::: DATA FOR ANALYSIS :::

lemma extremal_labelling_balanced:
  assumes t: "2 \<le> t" and r: "2 \<le> r" and V: "finite V"
    and max: "\<And>q. count_equipartite q r t V \<le> count_equipartite p r t V"
    and pos: "0 < count_equipartite p r t V"
  shows "\<forall>c\<in>p ` V. \<forall>d\<in>p ` V. card {x\<in>V. p x = c} \<le> card {x\<in>V. p x = d} + 1"
proof -
  define s where "s c = card {x\<in>V. p x = c}" for c
  obtain S where S: "S \<subseteq> V" "equipartite p r t S"
    using pos count_equipartite_pos_iff[OF V] by blast
  then obtain c0 where c0: "c0 \<in> p ` S"
    using r unfolding equipartite_def by fastforce
  have "card {x\<in>S. p x = c0} = t"
    using S(2) c0 unfolding equipartite_def by blast
  moreover have "card {x\<in>S. p x = c0} \<le> s c0"
    unfolding s_def using S(1) V by (intro card_mono) auto
  ultimately have "t \<le> s c0"
    by simp
  have c0V: "c0 \<in> p ` V"
    using c0 S(1) by blast
  have fin: "finite (s ` p ` V)" "s ` p ` V \<noteq> {}"
    using V c0V by auto
  obtain cmax where cmax: "Max (s ` p ` V) = s cmax" "cmax \<in> p ` V"
    using Max_in[OF fin] by (rule imageE)
  obtain cmin where cmin: "Min (s ` p ` V) = s cmin" "cmin \<in> p ` V"
    using Min_in[OF fin] by (rule imageE)
  have "t \<le> s cmax"
    using \<open>t \<le> s c0\<close> Max_ge[OF fin(1), of "s c0"] c0V unfolding cmax(1) by simp
  then have "s cmax \<le> s cmin + 1"
    using extremal_labelling_large_class_le[OF t r V max pos cmax(2) cmin(2)] unfolding s_def by simp
  moreover have "s c \<le> s cmax" "s cmin \<le> s c" if "c \<in> p ` V" for c
    using Max_ge[OF fin(1), of "s c"] Min_le[OF fin(1), of "s c"] that unfolding cmax(1) cmin(1) by simp_all
  ultimately show ?thesis
    unfolding s_def[symmetric] by (meson add_le_mono1 le_trans)
qed

lemma extremal_complete_multipartite_turan:
  fixes V :: "'a set"
  assumes r: "2 \<le> r" and t: "2 \<le> t" and n: "r * t \<le> n"
    and E: "simple_graph V E" and cV: "card V = n" and cm: "complete_multipartite V E"
    and ext: "ind_count (Kpart_V r t) (Kpart_E r t) V E = ind_max (Kpart_V r t) (Kpart_E r t) n"
  shows "\<exists>k\<ge>r. graph_iso V E {0..<n} (turan_E k n)"
proof -
  have V: "finite V" and t0: "0 < t"
    using E t unfolding simple_graph_def by auto
  obtain p :: "'a \<Rightarrow> nat" where p: "\<forall>x\<in>V. \<forall>y\<in>V. E x y \<longleftrightarrow> p x \<noteq> p y"
    using cm unfolding complete_multipartite_def by blast
  have max: "count_equipartite q r t V \<le> count_equipartite p r t V" for q
    by (rule count_equipartite_le_of_extremal[OF t0 E cV p ext])
  have "0 < count_equipartite (\<lambda>x. x mod r) r t {0..<n}"
    using count_equipartite_turan_pos[OF t0 n] r by simp
  also have "\<dots> = ind_count (Kpart_V r t) (Kpart_E r t) {0..<n} (turan_E r n)"
    by (rule ind_count_Kpart_eq_count_equipartite[OF t0 _ turan_E_iff, symmetric]) simp
  also have "\<dots> \<le> ind_max (Kpart_V r t) (Kpart_E r t) n"
    by (rule ind_count_le_ind_max[OF simple_graph_turan_E]) simp
  also have "\<dots> = count_equipartite p r t V"
    using ext ind_count_Kpart_eq_count_equipartite[OF t0 V p] by simp
  finally have pos: "0 < count_equipartite p r t V" .
  then obtain S where S: "S \<subseteq> V" "equipartite p r t S"
    using count_equipartite_pos_iff[OF V] by blast
  then have "r \<le> card (p ` V)" "V \<noteq> {}"
    using V r unfolding equipartite_def by (auto intro: card_mono)
  then show ?thesis
    using balanced_multipartite_graph_iso_turan[OF V cV _ p extremal_labelling_balanced[OF t r V max pos]]
    by blast
qed

theorem theorem5p3:
  fixes r t n :: nat
  assumes "r \<ge> 2" and "t \<ge> 2" and "n \<ge> r * t"
  shows "(\<forall>(V :: 'a set) E. simple_graph V E \<and> card V = n \<and> complete_multipartite V E
            \<and> ind_count (Kpart_V r t) (Kpart_E r t) V E = ind_max (Kpart_V r t) (Kpart_E r t) n
          \<longrightarrow> (\<exists>k\<ge>r. graph_iso V E {0..<n} (turan_E k n)))
       \<and> (\<exists>k. ind_count (Kpart_V r t) (Kpart_E r t) {0..<n} (turan_E k n)
              = ind_max (Kpart_V r t) (Kpart_E r t) n)"
proof (intro conjI allI impI)
  fix V :: "'a set" and E
  assume "simple_graph V E \<and> card V = n \<and> complete_multipartite V E
    \<and> ind_count (Kpart_V r t) (Kpart_E r t) V E = ind_max (Kpart_V r t) (Kpart_E r t) n"
  then show "\<exists>k\<ge>r. graph_iso V E {0..<n} (turan_E k n)"
    using extremal_complete_multipartite_turan[OF assms] by blast
next
  obtain E0 where "simple_graph {0..<n} E0"
    "ind_count (Kpart_V r t) (Kpart_E r t) {0..<n} E0 = ind_max (Kpart_V r t) (Kpart_E r t) n"
    using ind_max_attained by blast
  then obtain E where "ind_maximal (Kpart_V r t) (Kpart_E r t) {0..<n} E" "complete_multipartite {0..<n} E"
    using ind_maximal_complete_multipartite_exists[OF complete_multipartite_Kpart] ind_maximal_iff_ind_max
    by blast
  then have E: "simple_graph {0..<n} E" "complete_multipartite {0..<n} E"
    "ind_count (Kpart_V r t) (Kpart_E r t) {0..<n} E = ind_max (Kpart_V r t) (Kpart_E r t) n"
    using ind_maximal_iff_ind_max by blast+
  then obtain k where "graph_iso {0..<n} E {0..<n} (turan_E k n)"
    using extremal_complete_multipartite_turan[OF assms E(1) _ E(2,3)] by auto
  then show "\<exists>k. ind_count (Kpart_V r t) (Kpart_E r t) {0..<n} (turan_E k n)
      = ind_max (Kpart_V r t) (Kpart_E r t) n"
    using ind_count_graph_iso E(3) by metis
qed
(* Let $p$ be a prime, $S\subseteq\mathbb{Z}_p$ and $0<\alpha\leq 1$. Then $$\tfrac12\mathcal{C}_\alpha(S)\leq \mathcal{C}^{\mathrm{bsgs}}_\alpha(S)\leq \mathcal{C}^{\mathrm{bsgs1}}_\alpha(S).$$
   Context: For $L\subseteq\mathbb{Z}_p^2$, $I(L)=\{x\in\mathbb{Z}_p\mid \exists (a,b),(a',b')\in L,\ (a,b)\neq(a',b'),\ ax+b=a'x+b'\}$, and the generic $\alpha$-complexity $\mathcal{C}_\alpha(S)$ is the smallest $|L|$ with $|S\cap I(L)|\ge\alpha|S|$. For $L\subseteq\mathbb{Z}_p^2$ and $C\subseteq\mathbb{Z}_p$, $I(L,C)=\{x\in\mathbb{Z}_p\mid \exists (a,b)\in L,\ c\in C \text{ with } a\neq0 \text{ and } ax+b=c\}$. The baby-step giant-step $\alpha$-complexity $\mathcal{C}^{\mathrm{bsgs}}_\alpha(S)$ is the smallest integer $m$ such that there exist $L\subseteq\mathbb{Z}_p^2$ and $C\subseteq\mathbb{Z}_p$ with $|L|=|C|=m$ and $|I(L,C)\cap S|\geq\alpha|S|$. The BSGS-1 $\alpha$-complexity $\mathcal{C}^{\mathrm{bsgs1}}_\alpha(S)$ is defined in the same way but with the additional requirement $L\subseteq\{1\}\times\mathbb{Z}_p$ (equivalently, the smallest $n$ such that there are $X,Y\subseteq\mathbb{Z}_p$ with $|X|=|Y|=n$ and $|S\cap(X-Y)|\ge\alpha|S|$, where $X-Y=\{x-y: x\in X, y\in Y\}$). *)

theory Defs
  imports Complex_Main "HOL-Computational_Algebra.Primes"
begin

text \<open>Z_p is modelled as the set of residues {0..<p} of int, with arithmetic taken mod p.\<close>

definition zp :: "int \<Rightarrow> int set" where
  "zp p = {0..<p}"

definition Igen :: "int \<Rightarrow> (int \<times> int) set \<Rightarrow> int set" where
  "Igen p L = {x \<in> zp p. \<exists>a b a' b'. (a, b) \<in> L \<and> (a', b') \<in> L \<and> (a, b) \<noteq> (a', b')
                 \<and> (a * x + b) mod p = (a' * x + b') mod p}"

definition Ibsgs :: "int \<Rightarrow> (int \<times> int) set \<Rightarrow> int set \<Rightarrow> int set" where
  "Ibsgs p L C = {x \<in> zp p. \<exists>a b c. (a, b) \<in> L \<and> c \<in> C \<and> a \<noteq> 0
                 \<and> (a * x + b) mod p = c}"

definition Cgen :: "int \<Rightarrow> real \<Rightarrow> int set \<Rightarrow> nat" where
  "Cgen p \<alpha> S = (LEAST n. \<exists>L. L \<subseteq> zp p \<times> zp p \<and> card L = n
                     \<and> real (card (S \<inter> Igen p L)) \<ge> \<alpha> * real (card S))"

definition Cbsgs :: "int \<Rightarrow> real \<Rightarrow> int set \<Rightarrow> nat" where
  "Cbsgs p \<alpha> S = (LEAST m. \<exists>L C. L \<subseteq> zp p \<times> zp p \<and> C \<subseteq> zp p \<and> card L = m \<and> card C = m
                     \<and> real (card (Ibsgs p L C \<inter> S)) \<ge> \<alpha> * real (card S))"

definition Cbsgs1 :: "int \<Rightarrow> real \<Rightarrow> int set \<Rightarrow> nat" where
  "Cbsgs1 p \<alpha> S = (LEAST m. \<exists>L C. L \<subseteq> {1} \<times> zp p \<and> C \<subseteq> zp p \<and> card L = m \<and> card C = m
                     \<and> real (card (Ibsgs p L C \<inter> S)) \<ge> \<alpha> * real (card S))"

end

theory Submission
  imports Defs
begin

text \<open>Every baby-step giant-step configuration of lines L and targets C is turned into a
  generic one by adding the constant lines x \<mapsto> c for c \<in> C: a point x with a x + b = c
  is then an intersection of the distinct lines (a, b) and (0, c), because a \<noteq> 0. This costs
  at most |L| + |C| = 2m lines, giving the first inequality. The second holds because BSGS-1
  configurations are BSGS configurations. Both minima are taken over nonempty sets: the
  configuration L = {1} \<times> Z_p, C = Z_p covers all of Z_p.\<close>

lemma Ibsgs_translations_zp:
  assumes "1 < p"
  shows "Ibsgs p ({1} \<times> zp p) (zp p) = zp p"
proof
  show "zp p \<subseteq> Ibsgs p ({1} \<times> zp p) (zp p)"
  proof
    fix x assume x: "x \<in> zp p"
    then have "(1 * x + 0) mod p = x" by (simp add: zp_def)
    moreover have "0 \<in> zp p" using assms by (simp add: zp_def)
    ultimately show "x \<in> Ibsgs p ({1} \<times> zp p) (zp p)"
      unfolding Ibsgs_def using x by force
  qed
qed (auto simp: Ibsgs_def)

lemma Ibsgs_subset_Igen_add_constants:
  assumes "C \<subseteq> zp p"
  shows "Ibsgs p L C \<subseteq> Igen p (L \<union> Pair 0 ` C)"
proof
  fix x assume "x \<in> Ibsgs p L C"
  then obtain a b c where x: "x \<in> zp p" "(a, b) \<in> L" "c \<in> C" "a \<noteq> 0"
      and meet: "(a * x + b) mod p = c"
    unfolding Ibsgs_def by blast
  have "(0 * x + c) mod p = c" using x(3) assms by (auto simp: zp_def)
  with meet have "(a * x + b) mod p = (0 * x + c) mod p" by simp
  moreover have "(a, b) \<in> L \<union> Pair 0 ` C" "(0, c) \<in> L \<union> Pair 0 ` C" "(a, b) \<noteq> (0, c)"
    using x by auto
  ultimately show "x \<in> Igen p (L \<union> Pair 0 ` C)"
    unfolding Igen_def using x(1) by blast
qed

lemma Cgen_le_card:
  assumes "L \<subseteq> zp p \<times> zp p" and "\<alpha> * real (card S) \<le> real (card (S \<inter> Igen p L))"
  shows "Cgen p \<alpha> S \<le> card L"
  unfolding Cgen_def using assms by (intro Least_le) blast

lemma Cbsgs_le_card:
  assumes "L \<subseteq> zp p \<times> zp p" and "C \<subseteq> zp p" and "card L = m" and "card C = m"
    and "\<alpha> * real (card S) \<le> real (card (Ibsgs p L C \<inter> S))"
  shows "Cbsgs p \<alpha> S \<le> m"
  unfolding Cbsgs_def using assms by (intro Least_le) blast

lemma bsgs1_translations_cover:
  assumes "1 < p" and "S \<subseteq> zp p" and "\<alpha> \<le> 1"
  shows "\<alpha> * real (card S) \<le> real (card (Ibsgs p ({1} \<times> zp p) (zp p) \<inter> S))"
proof -
  have "Ibsgs p ({1} \<times> zp p) (zp p) \<inter> S = S"
    using Ibsgs_translations_zp[OF assms(1)] assms(2) by blast
  then show ?thesis using mult_right_mono[OF assms(3), of "real (card S)"] by simp
qed

lemma Cbsgs1_attained:
  assumes "1 < p" and "S \<subseteq> zp p" and "\<alpha> \<le> 1"
  obtains L C where "L \<subseteq> {1} \<times> zp p" "C \<subseteq> zp p" "card L = Cbsgs1 p \<alpha> S"
    "card C = Cbsgs1 p \<alpha> S" "\<alpha> * real (card S) \<le> real (card (Ibsgs p L C \<inter> S))"
proof -
  have "card ({1::int} \<times> zp p) = card (zp p)" by (simp add: card_cartesian_product)
  with bsgs1_translations_cover[OF assms]
  have "\<exists>m L C. L \<subseteq> {1} \<times> zp p \<and> C \<subseteq> zp p \<and> card L = m \<and> card C = m
          \<and> real (card (Ibsgs p L C \<inter> S)) \<ge> \<alpha> * real (card S)"
    by blast
  from LeastI_ex[OF this] show ?thesis
    using that unfolding Cbsgs1_def by blast
qed

lemma Cbsgs_attained:
  assumes "1 < p" and "S \<subseteq> zp p" and "\<alpha> \<le> 1"
  obtains L C where "L \<subseteq> zp p \<times> zp p" "C \<subseteq> zp p" "card L = Cbsgs p \<alpha> S"
    "card C = Cbsgs p \<alpha> S" "\<alpha> * real (card S) \<le> real (card (Ibsgs p L C \<inter> S))"
proof -
  have "{1} \<times> zp p \<subseteq> zp p \<times> zp p" using assms(1) by (auto simp: zp_def)
  moreover have "card ({1::int} \<times> zp p) = card (zp p)" by (simp add: card_cartesian_product)
  ultimately have "\<exists>m L C. L \<subseteq> zp p \<times> zp p \<and> C \<subseteq> zp p \<and> card L = m \<and> card C = m
          \<and> real (card (Ibsgs p L C \<inter> S)) \<ge> \<alpha> * real (card S)"
    using bsgs1_translations_cover[OF assms] by blast
  from LeastI_ex[OF this] show ?thesis
    using that unfolding Cbsgs_def by blast
qed

lemma Cbsgs_le_Cbsgs1:
  assumes "1 < p" and "S \<subseteq> zp p" and "\<alpha> \<le> 1"
  shows "Cbsgs p \<alpha> S \<le> Cbsgs1 p \<alpha> S"
proof -
  obtain L C where L: "L \<subseteq> {1} \<times> zp p" and "C \<subseteq> zp p" "card L = Cbsgs1 p \<alpha> S"
      "card C = Cbsgs1 p \<alpha> S" "\<alpha> * real (card S) \<le> real (card (Ibsgs p L C \<inter> S))"
    using Cbsgs1_attained[OF assms] .
  moreover have "L \<subseteq> zp p \<times> zp p" using L assms(1) by (auto simp: zp_def)
  ultimately show ?thesis by (intro Cbsgs_le_card)
qed

lemma Cgen_le_twice_Cbsgs:
  assumes "1 < p" and "S \<subseteq> zp p" and "\<alpha> \<le> 1"
  shows "Cgen p \<alpha> S \<le> 2 * Cbsgs p \<alpha> S"
proof -
  obtain L C where L: "L \<subseteq> zp p \<times> zp p" and C: "C \<subseteq> zp p" and "card L = Cbsgs p \<alpha> S"
      "card C = Cbsgs p \<alpha> S" and covers: "\<alpha> * real (card S) \<le> real (card (Ibsgs p L C \<inter> S))"
    using Cbsgs_attained[OF assms] .
  define L' where "L' = L \<union> Pair 0 ` C"
  have L'_sub: "L' \<subseteq> zp p \<times> zp p" using L C assms(1) by (auto simp: L'_def zp_def)
  have "finite (Igen p L')" by (rule finite_subset[of _ "zp p"]) (auto simp: Igen_def zp_def)
  then have "card (Ibsgs p L C \<inter> S) \<le> card (S \<inter> Igen p L')"
    using Ibsgs_subset_Igen_add_constants[OF C] by (intro card_mono) (auto simp: L'_def)
  with covers have "Cgen p \<alpha> S \<le> card L'"
    by (intro Cgen_le_card[OF L'_sub]) linarith
  also have "\<dots> \<le> card L + card (Pair (0::int) ` C)" unfolding L'_def by (rule card_Un_le)
  also have "\<dots> \<le> card L + card C" by (simp add: card_image inj_on_def)
  finally show ?thesis using \<open>card L = _\<close> \<open>card C = _\<close> by simp
qed

theorem proposition3:
  fixes p :: int and S :: "int set" and \<alpha> :: real
  assumes "prime p" and "S \<subseteq> zp p" and "0 < \<alpha>" and "\<alpha> \<le> 1"
  shows "real (Cgen p \<alpha> S) / 2 \<le> real (Cbsgs p \<alpha> S)
         \<and> Cbsgs p \<alpha> S \<le> Cbsgs1 p \<alpha> S"
proof -
  have "1 < p" using \<open>prime p\<close> prime_gt_1_int by blast
  with assms have "Cgen p \<alpha> S \<le> 2 * Cbsgs p \<alpha> S" "Cbsgs p \<alpha> S \<le> Cbsgs1 p \<alpha> S"
    by (simp_all add: Cgen_le_twice_Cbsgs Cbsgs_le_Cbsgs1)
  then show ?thesis by linarith
qed

end
lemma omega_invariant_D:
  assumes lu: "length u = n - 1" and lt: "length t = n - 1" and "Y \<in> G"
  shows "omega (commutator (D u) Y) (D t) = - omega Y (commutator (D u) (D t))"
proof -
  define k where "k = n - 2"
  have k: "n - 1 = Suc k" using n_ge_2 by (simp add: k_def)
  obtain h \<tau> where t: "t = h # \<tau>" and l\<tau>: "length \<tau> = k" using lt k by (cases t) auto
  have lin: "linear (\<lambda>z. S (z # \<tau>))" using linear_S_hd[of \<tau>] l\<tau> by (simp add: k_def)
  have "commutator (D u) Y \<in> G" using ImD_commutator ImD_D[OF lu] \<open>Y \<in> G\<close> by simp
  then have "omega (commutator (D u) Y) (D t) = apply_S (commutator (D u) Y) t"
    by (rule omega_D_right[OF _ lt])
  also have "\<dots> = S (D u (Y h) # \<tau>) - S (Y (D u h) # \<tau>)"
    unfolding apply_S_def commutator_def t using linear_diff[OF lin] by simp
  finally have L: "omega (commutator (D u) Y) (D t) = S (D u (Y h) # \<tau>) - S (Y (D u h) # \<tau>)" .
  have "admissible (n - 1) (\<lambda>i. t[i := D u (t ! i)])" by (simp add: admissible_def lt)
  then have "omega Y (commutator (D u) (D t)) = (\<Sum>i<n - 1. 1 * apply_S Y (t[i := D u (t ! i)]))"
    by (rule omega_D_comb_right[OF \<open>Y \<in> G\<close> _ commutator_D_D[OF lu lt]])
  also have "\<dots> = (\<Sum>i<Suc k. apply_S Y ((h # \<tau>)[i := D u ((h # \<tau>) ! i)]))"
    unfolding k t by simp
  also have "\<dots> = S (Y (D u h) # \<tau>) + (\<Sum>j<k. S (Y h # \<tau>[j := D u (\<tau> ! j)]))"
    by (subst sum.lessThan_Suc_shift) (simp add: apply_S_def)
  finally have R: "omega Y (commutator (D u) (D t))
      = S (Y (D u h) # \<tau>) + (\<Sum>j<k. S (Y h # \<tau>[j := D u (\<tau> ! j)]))" .
  have "length (Y h # \<tau>) = n - 1" using l\<tau> k by simp
  from unitarity[OF lu this]
  have "(\<Sum>i<Suc k. S ((Y h # \<tau>)[i := br (u @ [(Y h # \<tau>) ! i])])) = 0"
    unfolding k .
  then have U: "S (D u (Y h) # \<tau>) + (\<Sum>j<k. S (Y h # \<tau>[j := D u (\<tau> ! j)])) = 0"
    by (subst (asm) sum.lessThan_Suc_shift) (simp add: Dop_def)
  show ?thesis using L R U by simp
qed

lemma omega_invariant:
  assumes "X \<in> G" and "Y \<in> G" and "Z \<in> G"
  shows "omega (commutator X Y) Z = - omega Y (commutator X Z)"
proof -
  have "omega (commutator X Y) Z + omega Y (commutator X Z) = 0"
  proof (rule ImD_bilinear_eq_0[OF _ _ assms(1,3)])
    show "bilinear_on G (\<lambda>X Z. omega (commutator X Y) Z + omega Y (commutator X Z))"
      using bilinear_on_invariance_defect[OF bilinear_on_omega
          commutator_bilinear_op_on[OF linear_ImD] ImD_commutator \<open>Y \<in> G\<close>] .
    show "omega (commutator (D u) Y) (D t) + omega Y (commutator (D u) (D t)) = 0"
      if "length u = n - 1" "length t = n - 1" for u t
      using omega_invariant_D[OF that \<open>Y \<in> G\<close>] by simp
  qed
  then show ?thesis by simp
qed

lemma metric_lie_algebra_ImD: "metric_lie_algebra G commutator omega"
  unfolding metric_lie_algebra_def
  using lie_algebra_ImD bilinear_on_omega omega_sym omega_nondegenerate omega_invariant by blast

end

theorem mainTheorem5:
  fixes n :: nat
    and br :: "'v::euclidean_space list \<Rightarrow> 'v"
    and S :: "'v list \<Rightarrow> real"
  assumes "n \<ge> 2"
    and "gen_metric_leibniz n br S"
  shows "\<exists>\<omega>. (\<forall>us vs. length us = n - 1 \<longrightarrow> length vs = n - 1 \<longrightarrow>
               \<omega> (Dop br us) (Dop br vs) = S (br (us @ [hd vs]) # tl vs)) \<and>
             lie_triple_data n (ImD n br) commutator \<omega> S id"
proof -
  interpret generalized_metric_leibniz n br S
    using assms by unfold_locales
  have "omega (Dop br us) (Dop br vs) = S (br (us @ [hd vs]) # tl vs)"
    if "length us = n - 1" "length vs = n - 1" for us vs
    using that omega_D_right ImD_D by (simp add: apply_S_def Dop_def)
  moreover have "lie_triple_data n (ImD n br) commutator omega S id"
    unfolding lie_triple_data_def
    using metric_lie_algebra_ImD symmetric_S nondegenerate_S representation_on_id[OF linear_ImD]
      gen_orthogonal_ImD by simp
  ultimately show ?thesis by blast
qed

end
(* Let $a,b$ be integers and let $G\in\mathscr{G}_{a,b}$ be a tricyclic graph with at least one pendant vertex. Suppose $C_p=vu_1u_2\ldots u_{p-1}v$ is an internal cycle of the base $\widetilde G$ with $N_{\widetilde G}(v)=\{w,u_1,u_{p-1}\}$. Then $d_G(v)=3$, $p=3$ and $G\in\mathscr{G}_{6,-1}$. Moreover, $d_G(w)=2$, and one of $u_1,u_{p-1}$ has degree $2$ in $G$ while the other has degree $a+b-1=4$ in $G$.
   Context: All graphs are simple and connected; $d_G(v)$ is the degree of $v$, $N_G(v)$ its neighbourhood. A tricyclic graph is a connected graph with $|E_G|=|V_G|+2$. For integers $a,b$, $\mathscr{G}_{a,b}$ is the set of connected graphs $G$ such that for every $v\in V_G$, $\sum_{u\in N_G(v)}d_G(u)=a\,d_G(v)+b-d_G(v)^2$. A pendant vertex is a vertex of degree $1$. The base $\widetilde{G}$ of $G$ is the subgraph obtained from $G$ by repeatedly deleting pendant vertices until none remain. An internal cycle of $\widetilde G$ is a cycle $u_0u_1\ldots u_k$ with $u_0=u_k$, $k\ge 3$, $d_{\widetilde G}(u_0)\ge 3$ and $d_{\widetilde G}(u_i)=2$ for $1\le i\le k-1$. *)

theory Defs
  imports Main
begin

definition simple_graph :: "'a set \<Rightarrow> ('a \<Rightarrow> 'a \<Rightarrow> bool) \<Rightarrow> bool" where
  "simple_graph V E \<longleftrightarrow> finite V \<and> (\<forall>x y. E x y \<longrightarrow> E y x) \<and> (\<forall>x. \<not> E x x)
     \<and> (\<forall>x y. E x y \<longrightarrow> x \<in> V \<and> y \<in> V)"

definition connected_graph :: "'a set \<Rightarrow> ('a \<Rightarrow> 'a \<Rightarrow> bool) \<Rightarrow> bool" where
  "connected_graph V E \<longleftrightarrow> V \<noteq> {} \<and> (\<forall>x\<in>V. \<forall>y\<in>V. (\<lambda>u v. E u v \<and> u \<in> V \<and> v \<in> V)\<^sup>*\<^sup>* x y)"

definition nbhd :: "'a set \<Rightarrow> ('a \<Rightarrow> 'a \<Rightarrow> bool) \<Rightarrow> 'a \<Rightarrow> 'a set" where
  "nbhd S E v = {u \<in> S. E v u}"

definition deg :: "'a set \<Rightarrow> ('a \<Rightarrow> 'a \<Rightarrow> bool) \<Rightarrow> 'a \<Rightarrow> nat" where
  "deg S E v = card (nbhd S E v)"

definition edges :: "'a set \<Rightarrow> ('a \<Rightarrow> 'a \<Rightarrow> bool) \<Rightarrow> 'a set set" where
  "edges V E = {{x, y} | x y. x \<in> V \<and> y \<in> V \<and> E x y}"

definition tricyclic :: "'a set \<Rightarrow> ('a \<Rightarrow> 'a \<Rightarrow> bool) \<Rightarrow> bool" where
  "tricyclic V E \<longleftrightarrow> simple_graph V E \<and> connected_graph V E \<and> card (edges V E) = card V + 2"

:::

Copy the records above faithfully. Begin at their first line, end at the line containing "unfolding s_def using", and include nothing else.

lemma extremal_labelling_balanced:
  assumes t: "2 \<le> t" and r: "2 \<le> r" and V: "finite V"
    and max: "\<And>q. count_equipartite q r t V \<le> count_equipartite p r t V"
    and pos: "0 < count_equipartite p r t V"
  shows "\<forall>c\<in>p ` V. \<forall>d\<in>p ` V. card {x\<in>V. p x = c} \<le> card {x\<in>V. p x = d} + 1"
proof -
  define s where "s c = card {x\<in>V. p x = c}" for c
  obtain S where S: "S \<subseteq> V" "equipartite p r t S"
    using pos count_equipartite_pos_iff[OF V] by blast
  then obtain c0 where c0: "c0 \<in> p ` S"
    using r unfolding equipartite_def by fastforce
  have "card {x\<in>S. p x = c0} = t"
    using S(2) c0 unfolding equipartite_def by blast
  moreover have "card {x\<in>S. p x = c0} \<le> s c0"
    unfolding s_def using S(1) V by (intro card_mono) auto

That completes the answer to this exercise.